MATERIAL TO PROCESS Block Start

(* Let $\alpha,\beta>0$ with $0<\alpha+\beta<n$, $1<p<n/(\alpha+\beta)$, $1/s=1/p-(\alpha+\beta)/n$, and let $w$ be a weight with $w^s\in A_1$. Then for every $0<\kappa<p/s$ and $1<r<p$ there is $C$ such that $$\|M_{\alpha+\beta,r}f\|_{L^{s,\kappa s/p}(w^s)}\le C\|f\|_{L^{p,\kappa}(w^p,w^s)}.$$
   Context: All cubes have sides parallel to the axes. A weight is a locally integrable function positive a.e.; $u(Q)=\int_Q u$ (so $w^s(Q)=\int_Q w^s$). $w\in A_1$ means $\frac1{|Q|}\int_Q w\le C\,\mathrm{ess\,inf}_Q w$ for all cubes $Q$. For $0<\gamma<n$, $r\ge1$: $M_{\gamma,r}f(x)=\sup_{Q\ni x}\big(\frac{1}{|Q|^{1-\gamma r/n}}\int_Q|f(y)|^r\,dy\big)^{1/r}$. For $1\le p<\infty$, $0<\kappa<1$ and weights $u,v$, $\|f\|_{L^{p,\kappa}(u,v)}=\sup_Q\big(\frac1{v(Q)^\kappa}\int_Q|f|^pu\big)^{1/p}$, and $L^{p,\kappa}(w)=L^{p,\kappa}(w,w)$. *)

theory Defs
  imports "HOL-Analysis.Analysis"
begin

text \<open>Cubes with sides parallel to the axes (closed; boundaries are null sets).\<close>
definition is_cube :: "'a::euclidean_space set \<Rightarrow> bool" where
  "is_cube Q \<longleftrightarrow> (\<exists>a h. h > 0 \<and> Q = cbox a (a + h *\<^sub>R One))"

definition epow :: "ennreal \<Rightarrow> real \<Rightarrow> ennreal" where
  "epow X t = (if X = \<infinity> then \<infinity> else ennreal (enn2real X powr t))"

definition wmeas :: "('a::euclidean_space \<Rightarrow> real) \<Rightarrow> 'a set \<Rightarrow> ennreal" where
  "wmeas u Q = (\<integral>\<^sup>+ x. ennreal (u x) * indicator Q x \<partial>lebesgue)"

definition weight :: "('a::euclidean_space \<Rightarrow> real) \<Rightarrow> bool" where
  "weight w \<longleftrightarrow> w \<in> borel_measurable lebesgue \<and>
     (\<forall>K. compact K \<longrightarrow> set_integrable lebesgue K w) \<and>
     (AE x in lebesgue. w x > 0)"

text \<open>Muckenhoupt A_1: average over Q bounded by C times the essential infimum over Q.\<close>
definition A1 :: "('a::euclidean_space \<Rightarrow> real) \<Rightarrow> bool" where
  "A1 w \<longleftrightarrow> weight w \<and> (\<exists>C::real. \<forall>Q. is_cube Q \<longrightarrow>
     (AE x in lebesgue. x \<in> Q \<longrightarrow>
        wmeas w Q / ennreal (measure lebesgue Q) \<le> ennreal C * ennreal (w x)))"

definition frac_max :: "real \<Rightarrow> real \<Rightarrow> ('a::euclidean_space \<Rightarrow> real) \<Rightarrow> 'a \<Rightarrow> ennreal" where
  "frac_max \<gamma> r f x = (SUP Q\<in>{Q. is_cube Q \<and> x \<in> Q}.
     epow (ennreal (measure lebesgue Q powr (\<gamma> * r / real DIM('a) - 1)) *
           (\<integral>\<^sup>+ y. ennreal (\<bar>f y\<bar> powr r) * indicator Q y \<partial>lebesgue)) (1 / r))"

definition morrey_norm :: "real \<Rightarrow> real \<Rightarrow> ('a::euclidean_space \<Rightarrow> real) \<Rightarrow> ('a \<Rightarrow> real)
    \<Rightarrow> ('a \<Rightarrow> ennreal) \<Rightarrow> ennreal" where
  "morrey_norm p \<kappa> u v g = (SUP Q\<in>{Q. is_cube Q}.
     epow ((\<integral>\<^sup>+ y. epow (g y) p * ennreal (u y) * indicator Q y \<partial>lebesgue) / epow (wmeas v Q) \<kappa>) (1 / p))"

end

theory Submission
  imports Defs
begin

(* Write W = w^s, mu(P) = W(P), nu(P) = integral of |f|^p w^p over P, and lam = p/s < 1.
   A finite Morrey norm R0 of f means nu(P) <= N mu(P)^kappa for all cubes P, with N = R0^p.
   (1) cube_est: on a cube P the M_{gamma,r}-average of f is at most
       (C1 nu(P)^(1/lam) / mu(P))^(1/s), by Hoelder and the A_1 lower bound
       w^s >= mu(P) / (C1 |P|) on P; the powers of |P| cancel by the exponent relation.
   (2) frac_bound: for x in a cube Q, the cubes P containing x that are larger than Q are
       controlled by the Morrey condition alone; the smaller ones lie in the fivefold cube
       cube5 of Q and are controlled by a localised maximal function F of nu with respect
       to mu, interpolated against the Morrey condition.  Thus
       M f(x)^s <= A F(x)^kexp + B(mu(Q)) with 0 < kexp < 1.
   (3) local_max_integral: F is of weak type (1,1) with respect to mu (Vitali covering and
       doubling of A_1 weights), so Kolmogorov's inequality bounds the mu-integral of
       F^kexp over Q.
   (4) cube_integral, main_estimate: integrating (2) over Q gives a bound
       C N^(1/lam) mu(Q)^(kappa/lam), which is the Morrey estimate. *)

lemma less_div_ennreal:
  assumes "ennreal t < X / ennreal m" "m > 0" "t \<ge> 0"
  shows "ennreal t * ennreal m < X"
proof (cases X)
  case (real v)
  then have "t < v / m" using assms by (simp add: divide_ennreal ennreal_less_iff)
  then have "t * m < v" using assms by (simp add: field_simps)
  then show ?thesis using real assms by (simp add: ennreal_mult[symmetric] ennreal_less_iff)
qed (simp add: ennreal_mult_less_top)


lemma epow_ennreal: "x \<ge> 0 \<Longrightarrow> epow (ennreal x) t = ennreal (x powr t)"
  by (simp add: epow_def)

lemma epow_mono: "X \<le> Y \<Longrightarrow> t > 0 \<Longrightarrow> epow X t \<le> epow Y t"
  by (cases X; cases Y) (auto simp: epow_def top_unique intro!: ennreal_leI powr_mono2)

MATERIAL TO PROCESS Block End

--- WHAT THE TASK ASKS ---
Where does the word "controlled" appear in the records? Copy every line that holds it.

--- REPLY TO THE EXERCISE ---
       controlled by the Morrey condition alone; the smaller ones lie in the fivefold cube
       cube5 of Q and are controlled by a localised maximal function F of nu with respect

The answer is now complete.